Question

We have a half cylinder roof of radius `r` and height `r` mounted on top of four rectangular walls of height `h`. We have `200π` `m^2` of plastic sheet to be used in the construction of this structure. What is the value of `r` that allows maximum volume?

Answer 1

`r=20/sqrt(3)=(20sqrt(3))/3`

Explanation:

Let me restate the question as I understand it.
Provided the surface area of this object is `200pi`, maximize the volume.

Plan
Knowing the surface area, we can represent a height `h` as a function of radius `r`, then we can represent volume as a function of only one parameter - radius `r`.
This function needs to be maximized using `r` as a parameter. That gives the value of `r`.

Surface area contains:
4 walls that form a side surface of a parallelepiped with a perimeter of a base `6r` and height `h`, which have total area of `6rh`.
1 roof, half of a side surface of a cylinder of a radius `r` and hight `r`, that has area of `pi r^2`
2 sides of the roof, semicircles of a radius `r`, total area of which is `pi r^2`.
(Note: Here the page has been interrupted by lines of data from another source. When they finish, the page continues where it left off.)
lemma sq_mass_eq_sum_words:
  assumes "\<And>ys. din (v ys) \<le> K"
  shows "sq_mass t v = (\<Sum>xs\<in>words K t. \<Sum>k<K. (slot_weight xs k v)^2)"
proof -
  have "sq_mass t v = (\<Sum>xs\<in>nodes v t. \<Sum>k<din (v xs). (path_weight v xs)^2)" by (simp add: sq_mass_def)
  then show ?thesis unfolding sum_slots_eq_sum_words[OF assms] slot_weight_def by (auto intro!: sum.cong)
qed

lemma sq_mass_Suc_eq_sum_words:
  "(\<And>ys. din (v ys) \<le> K) \<Longrightarrow> sq_mass (Suc t) v =
     (\<Sum>xs\<in>words K t. \<Sum>k<K. (slot_weight xs k v)^2 * sq_ratio (v (xs @ [k])))"
  unfolding sq_mass_Suc by (subst sum_slots_eq_sum_words) (auto simp: slot_weight_def intro!: sum.cong)

lemma slot_weight_square_le: "(slot_weight xs k v)^2 \<le> (real n / real m)^2"
  using abs_slot_weight_le[of xs k v] by (simp add: abs_le_square_iff[symmetric])

lemma abs_mass_le:
  assumes "\<And>ys. din (v ys) \<le> K"
  shows "\<bar>mass t v\<bar> \<le> real (card (words K t)) * real K * (real n / real m)"
proof -
  have "\<bar>mass t v\<bar> \<le> (\<Sum>xs\<in>words K t. \<Sum>k<K. \<bar>slot_weight xs k v\<bar>)"
    unfolding mass_eq_sum_words[OF assms] by (rule order.trans[OF sum_abs sum_mono[OF sum_abs]])
  also have "\<dots> \<le> (\<Sum>xs\<in>words K t. \<Sum>k<K. real n / real m)"
    by (intro sum_mono abs_slot_weight_le)
  finally show ?thesis by simp
qed

end

section \<open>Measurability in the marks\<close>

abbreviation marks_space :: "nat list set \<Rightarrow> (nat list \<Rightarrow> nat) measure" where
  "marks_space J \<equiv> PiM J (\<lambda>_. count_space UNIV)"

lemma measurable_mark_fun:
  fixes f :: "nat \<Rightarrow> real"
  shows "ys \<in> J \<Longrightarrow> (\<lambda>v. f (v ys)) \<in> borel_measurable (marks_space J)"
  by (rule measurable_compose[OF measurable_component_singleton]) simp_all
section \<open>Polynomials in one and two variables\<close>

interpretation P: vector_space "smult :: rat \<Rightarrow> rat poly \<Rightarrow> rat poly"
  by unfold_locales (auto simp: smult_add_right smult_add_left)

interpretation Q: vector_space qscale
  by unfold_locales
    (simp_all add: qscale_def smult_add_right mult.commute pCons_one flip: smult_add_left)

interpretation PQ: vector_space_pair "smult :: rat \<Rightarrow> rat poly \<Rightarrow> rat poly" qscale ..

lemma coeff_lift2 [simp]: "coeff (lift2 g) n = [:coeff g n:]"
  by (simp add: lift2_def coeff_map_poly)

lemma degree_lift2 [simp]: "degree (lift2 g) = degree g"
  by (simp add: lift2_def degree_map_poly)

lemma lift2_0 [simp]: "lift2 0 = 0"
  by (rule poly_eqI) simp

lemma lift2_1 [simp]: "lift2 1 = 1"
  by (rule poly_eqI) (simp add: coeff_1)

lemma lift2_add [simp]: "lift2 (p + q) = lift2 p + lift2 q"
  by (rule poly_eqI) simp

lemma lift2_diff [simp]: "lift2 (p - q) = lift2 p - lift2 q"
  by (rule poly_eqI) simp

lemma lift2_minus [simp]: "lift2 (- p) = - lift2 p"
  by (rule poly_eqI) simp

lemma lift2_smult [simp]: "lift2 (smult c p) = smult [:c:] (lift2 p)"
  by (rule poly_eqI) simp

lemma lift2_monom [simp]: "lift2 (monom c n) = monom [:c:] n"
  by (rule poly_eqI) (simp add: coeff_monom)

lemma lift2_inject [simp]: "lift2 p = lift2 q \<longleftrightarrow> p = q"
  by (metis coeff_lift2 pCons_eq_iff poly_eqI)

lemma lift2_eq_0_iff [simp]: "lift2 p = 0 \<longleftrightarrow> p = 0"
  using lift2_inject[of p 0] by simp

lemma lift2_sum: "lift2 (sum f A) = (\<Sum>x\<in>A. lift2 (f x))"
  by (induct A rule: infinite_finite_induct) auto

lemma pCons_sum: "[:sum f A:] = (\<Sum>x\<in>A. [:f x:])"
  by (rule poly_eqI) (simp add: coeff_sum coeff_pCons split: nat.split)

definition tensor :: "rat poly \<Rightarrow> rat poly \<Rightarrow> rat poly poly" where
  "tensor A B = [:A:] * lift2 B"

lemma tensor_eq_smult: "tensor A B = smult A (lift2 B)"
  by (simp add: tensor_def)

lemma coeff_tensor: "coeff (tensor A B) j = smult (coeff B j) A"
  by (simp add: tensor_eq_smult mult.commute[of A])

lemma tensor_eq_0_iff [simp]: "tensor A B = 0 \<longleftrightarrow> A = 0 \<or> B = 0"
  by (simp add: tensor_eq_smult)

lemma tensor_add_left: "tensor (A + A') B = tensor A B + tensor A' B"
  and tensor_add_right: "tensor A (B + B') = tensor A B + tensor A B'"
  and tensor_diff_left: "tensor (A - A') B = tensor A B - tensor A' B"
  and tensor_diff_right: "tensor A (B - B') = tensor A B - tensor A B'"
  and tensor_minus_left: "tensor (- A) B = - tensor A B"
  and tensor_minus_right: "tensor A (- B) = - tensor A B"
  and tensor_smult_left: "tensor (smult c A) B = qscale c (tensor A B)"
  and tensor_smult_right: "tensor A (smult c B) = qscale c (tensor A B)"
  by (simp_all add: tensor_eq_smult qscale_def smult_add_left smult_add_right smult_diff_left
      smult_diff_right mult.commute)

lemmas tensor_bilinear = tensor_add_left tensor_add_right tensor_diff_left tensor_diff_right
  tensor_minus_left tensor_minus_right tensor_smult_left tensor_smult_right

lemma tensor_1_1: "tensor 1 1 = 1"
  by (simp add: tensor_def pCons_one)

lemma tensor_monom_monom: "tensor (monom 1 i) (monom 1 j) = monom (monom 1 i) j"
  by (simp add: tensor_eq_smult smult_monom)

lemma module_hom_pCons: "module_hom smult qscale (\<lambda>A :: rat poly. [:A:])"
  unfolding module_hom_iff
  by (auto simp: module_iff_vector_space qscale_def P.vector_space_axioms Q.vector_space_axioms)

lemma module_hom_tensor: "module_hom smult qscale (tensor M)"
  unfolding module_hom_iff
  by (simp add: module_iff_vector_space P.vector_space_axioms Q.vector_space_axioms tensor_bilinear)

lemma inj_tensor: "M \<noteq> 0 \<Longrightarrow> inj (tensor M)"
  by (rule injI) (metis eq_iff_diff_eq_0 tensor_diff_right tensor_eq_0_iff)

lemma module_hom_act1: "module_hom smult smult (act1 w g)"
  unfolding module_hom_iff
  by (auto simp: module_iff_vector_space P.vector_space_axioms act1_def smult_add_left
      sum.distrib smult_smult P.scale_sum_right)

lemma module_hom_act2: "module_hom qscale qscale (act2 w1 w2 g1 g2)"
  unfolding module_hom_iff
  by (auto simp: module_iff_vector_space Q.vector_space_axioms act2_def qscale_def smult_add_left
      sum.distrib Q.scale_sum_right[unfolded qscale_def] smult_smult mult.commute)

lemma act2_tensor:
  "act2 w1 w2 g1 g2 (tensor A B) = tensor (act1 w1 g1 A) (act1 w2 g2 B)"
proof -
  have "tensor (act1 w1 g1 A) (act1 w2 g2 B)
     = (\<Sum>i\<le>w1. [:smult (coeff A i) (mfac w1 g1 i):]) * (\<Sum>j\<le>w2. lift2 (smult (coeff B j) (mfac w2 g2 j)))"
    by (simp only: tensor_def act1_def lift2_sum pCons_sum)
  also have "\<dots> = act2 w1 w2 g1 g2 (tensor A B)"
    unfolding act2_def qscale_def sum_product
    by (intro sum.cong refl)
      (simp add: tensor_eq_smult coeff_tensor mult_smult_left mult_smult_right smult_smult mult.commute)
  finally show ?thesis ..
qed

section \<open>The action on \<open>1\<close> and \<open>X^w\<close>\<close>

lemma act1_1: "act1 w g 1 = mfac w g 0"
proof -
  have "act1 w g 1 = (\<Sum>k\<le>w. if k = 0 then mfac w g k else 0)"
    unfolding act1_def by (intro sum.cong) (auto simp: coeff_1)
  then show ?thesis
    by simp
qed

lemma act1_monom: "act1 w g (monom 1 w) = mfac w g w"
proof -
  have "act1 w g (monom 1 w) = (\<Sum>k\<le>w. if k = w then mfac w g k else 0)"
    unfolding act1_def by (intro sum.cong) (auto simp: coeff_monom)
  then show ?thesis
    by simp
qed

lemma matU2_eq: "matU2 = (-1, 1, -1, 0)"
  by (simp add: matU2_def matU_def mmul_def)

lemma X_power: "[:0, 1:] ^ w = (monom 1 w :: rat poly)"
  by (simp add: monom_altdef)

lemma act1_matS:
  "even w \<Longrightarrow> act1 w matS 1 = monom 1 w" "act1 w matS (monom 1 w) = 1"
proof -
  assume "even w"
  have "[:0, -1:] = - [:0, 1 :: rat:]"
    by simp
  then have "[:0, -1:] ^ w = [:0, 1 :: rat:] ^ w"
    using \<open>even w\<close> by (simp only: power_minus_even)
  then show "act1 w matS 1 = monom 1 w"
    by (simp add: act1_1 mfac_def matS_def flip: X_power)
next
  show "act1 w matS (monom 1 w) = 1"
    by (simp add: act1_monom mfac_def matS_def pCons_one)
qed

lemma act1_matU:
  "act1 w matU 1 = monom 1 w" "act1 w matU (monom 1 w) = [:-1, 1:] ^ w"
  by (simp add: act1_1 mfac_def matU_def flip: X_power) (simp add: act1_monom mfac_def matU_def)

lemma act1_matU2:
  "act1 w matU2 1 = [:-1, 1:] ^ w" "even w \<Longrightarrow> act1 w matU2 (monom 1 w) = 1"
proof -
  show "act1 w matU2 1 = [:-1, 1:] ^ w"
    by (simp add: act1_1 mfac_def matU2_eq)
  assume "even w"
  have "[:-1:] = (-1 :: rat poly)"
    by (metis minus_pCons minus_zero pCons_one)
  then have "[:-1:] ^ w = (1 :: rat poly)"
    using \<open>even w\<close> by (simp only: neg_one_even_power)
  then show "act1 w matU2 (monom 1 w) = 1"
    by (simp add: act1_monom mfac_def matU2_eq)
qed

lemmas act1_special = act1_matS act1_matU act1_matU2

lemma degree_one_minus_monom: "degree (1 - monom 1 w :: rat poly) \<le> w"
  by (metis degree_1 degree_diff_le degree_monom_le le0)

lemma one_minus_monom_nonzero:
  assumes "w \<ge> 1"
  shows "1 - monom 1 w \<noteq> (0 :: rat poly)"
proof
  assume "1 - monom 1 w = (0 :: rat poly)"
  then have "coeff (1 - monom 1 w :: rat poly) 0 = 0"
    by simp
  then show False
    using assms by (simp add: coeff_monom)
qed

text \<open>\<open>S\<close> swaps \<open>1\<close> and \<open>X^w\<close>, and \<open>U\<close> permutes \<open>1, X^w, (X - 1)^w\<close> cyclically.\<close>

lemma one_minus_monom_in_Ww:
  assumes "even w"
  shows "1 - monom 1 w \<in> Ww w"
  using assms degree_one_minus_monom module_hom.diff[OF module_hom_act1]
  by (simp add: Ww_def Vw_def act1_special)

lemma subspace_Ww: "P.subspace (Ww w)"
proof (unfold P.subspace_def, intro conjI ballI allI)
  show "0 \<in> Ww w"
    by (simp add: Ww_def Vw_def module_hom.zero[OF module_hom_act1])
  fix P Q assume "P \<in> Ww w" "Q \<in> Ww w"
  then show "P + Q \<in> Ww w"
    unfolding Ww_def Vw_def by (auto simp: module_hom.add[OF module_hom_act1] algebra_simps
        intro: order_trans[OF degree_add_le])
next
  fix c P assume "P \<in> Ww w"
  then show "smult c P \<in> Ww w"
    unfolding Ww_def Vw_def by (simp add: module_hom.scale[OF module_hom_act1] flip: smult_add_right)
qed

lemma subspace_V2: "Q.subspace (V2 w1 w2)"
  unfolding Q.subspace_def V2_def qscale_def
  by (auto simp: degree_add_le intro: order_trans[OF degree_smult_le])

lemma subspace_VID: "Q.subspace (VID w1 w2)"
proof (unfold Q.subspace_def, intro conjI ballI allI)
  show "0 \<in> VID w1 w2"
    using Q.subspace_0[OF subspace_V2] by (simp add: VID_def module_hom.zero[OF module_hom_act2])
  fix P Q assume "P \<in> VID w1 w2" "Q \<in> VID w1 w2"
  then show "P + Q \<in> VID w1 w2"
    using Q.subspace_add[OF subspace_V2] unfolding VID_def
    by (auto simp: module_hom.add[OF module_hom_act2] algebra_simps)
next
  fix c P assume "P \<in> VID w1 w2"
  then show "qscale c P \<in> VID w1 w2"
    using Q.subspace_scale[OF subspace_V2] unfolding VID_def
    by (simp add: module_hom.scale[OF module_hom_act2] flip: Q.scale_right_distrib)
qed

lemma tensor_in_V2:
  assumes "degree A \<le> w1" "degree B \<le> w2"
  shows "tensor A B \<in> V2 w1 w2"
  using assms degree_smult_le[of A "lift2 B"] degree_smult_le[of _ A]
  by (auto simp: V2_def coeff_tensor tensor_eq_smult intro: order_trans)

lemma one_minus_monom_monom_eq_tensor:
  "1 - monom (monom 1 w1) w2 = tensor 1 1 - tensor (monom 1 w1) (monom 1 w2)"
  by (simp add: tensor_monom_monom tensor_1_1)

lemma one_minus_monom_monom_in_VID:
  assumes "even w1" "even w2"
  shows "1 - monom (monom 1 w1) w2 \<in> VID w1 w2"
proof -
  have "1 - monom (monom 1 w1) w2 \<in> V2 w1 w2"
    unfolding one_minus_monom_monom_eq_tensor
    by (intro Q.subspace_diff[OF subspace_V2] tensor_in_V2) (simp_all add: degree_monom_le)
  then show ?thesis
    using assms module_hom.diff[OF module_hom_act2]
    by (simp add: VID_def one_minus_monom_monom_eq_tensor act2_tensor act1_special)
qed

lemma WH_eq_image: "WH w1 = (\<lambda>A. [:A:]) ` Ww w1"
  by (auto simp: WH_def)

lemma WV_eq_image: "WV w1 w2 = tensor (monom 1 w1) ` Ww w2"
  by (auto simp: WV_def tensor_def)

lemma subspace_WH: "Q.subspace (WH w1)"
  unfolding WH_eq_image by (rule module_hom.subspace_image[OF module_hom_pCons subspace_Ww])

lemma subspace_WV: "Q.subspace (WV w1 w2)"
  unfolding WV_eq_image by (rule module_hom.subspace_image[OF module_hom_tensor subspace_Ww])

lemma VID_subset_V2: "VID w1 w2 \<subseteq> V2 w1 w2"
  by (auto simp: VID_def)

lemma WH_subset_V2: "WH w1 \<subseteq> V2 w1 w2"
  using tensor_in_V2[of _ w1 1 w2] by (auto simp: WH_def Ww_def Vw_def tensor_def pCons_one)

lemma WV_subset_V2: "WV w1 w2 \<subseteq> V2 w1 w2"
  using tensor_in_V2[of "monom 1 w1" w1 _ w2]
  by (auto simp: WV_eq_image Ww_def Vw_def degree_monom_le)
The resulting total surface area of an object is
`S = 6rh+2pi r^2`
Knowing this to be equal to `200pi`, we can express `h` in terms of `r`:
`6rh+2pir^2=200pi`
`r=(100pi-pir^2)/(3r) = (100pi)/(3r) - pi/3r`#

The volume of this object has two parts: Below the roof and within the roof.

Below the roof we have a parallelepiped with area of the base `2r^2` and height `h`, that is its volume is
`V_1 = 2r^2h=200/3pir - 2/3pir^3`

Within the roof we have half a cylinder with radius `r` and height `r`, its volume is
`V_2 = 1/2pir^3`

We have to maximize the function
`V(r) = V_1+V_2 = 200/3pir - 2/3pir^3 + 1/2pir^3 = 200/3pir - 1/6pir^3`
that looks like this (not to scale)
graph{2x-0.6x^3 [-5.12, 5.114, -2.56, 2.56]}

This function reaches its maximum when it's derivative equals to zero for a positive argument.

`V'(r) = 200/3pi - 1/2pi r^2`

In the area of `r>0` it's equal to zero when `r=20/sqrt(3)=20sqrt(3)/3`.
That is the radius that gives the largest volume, given the surface area and a shape of an object.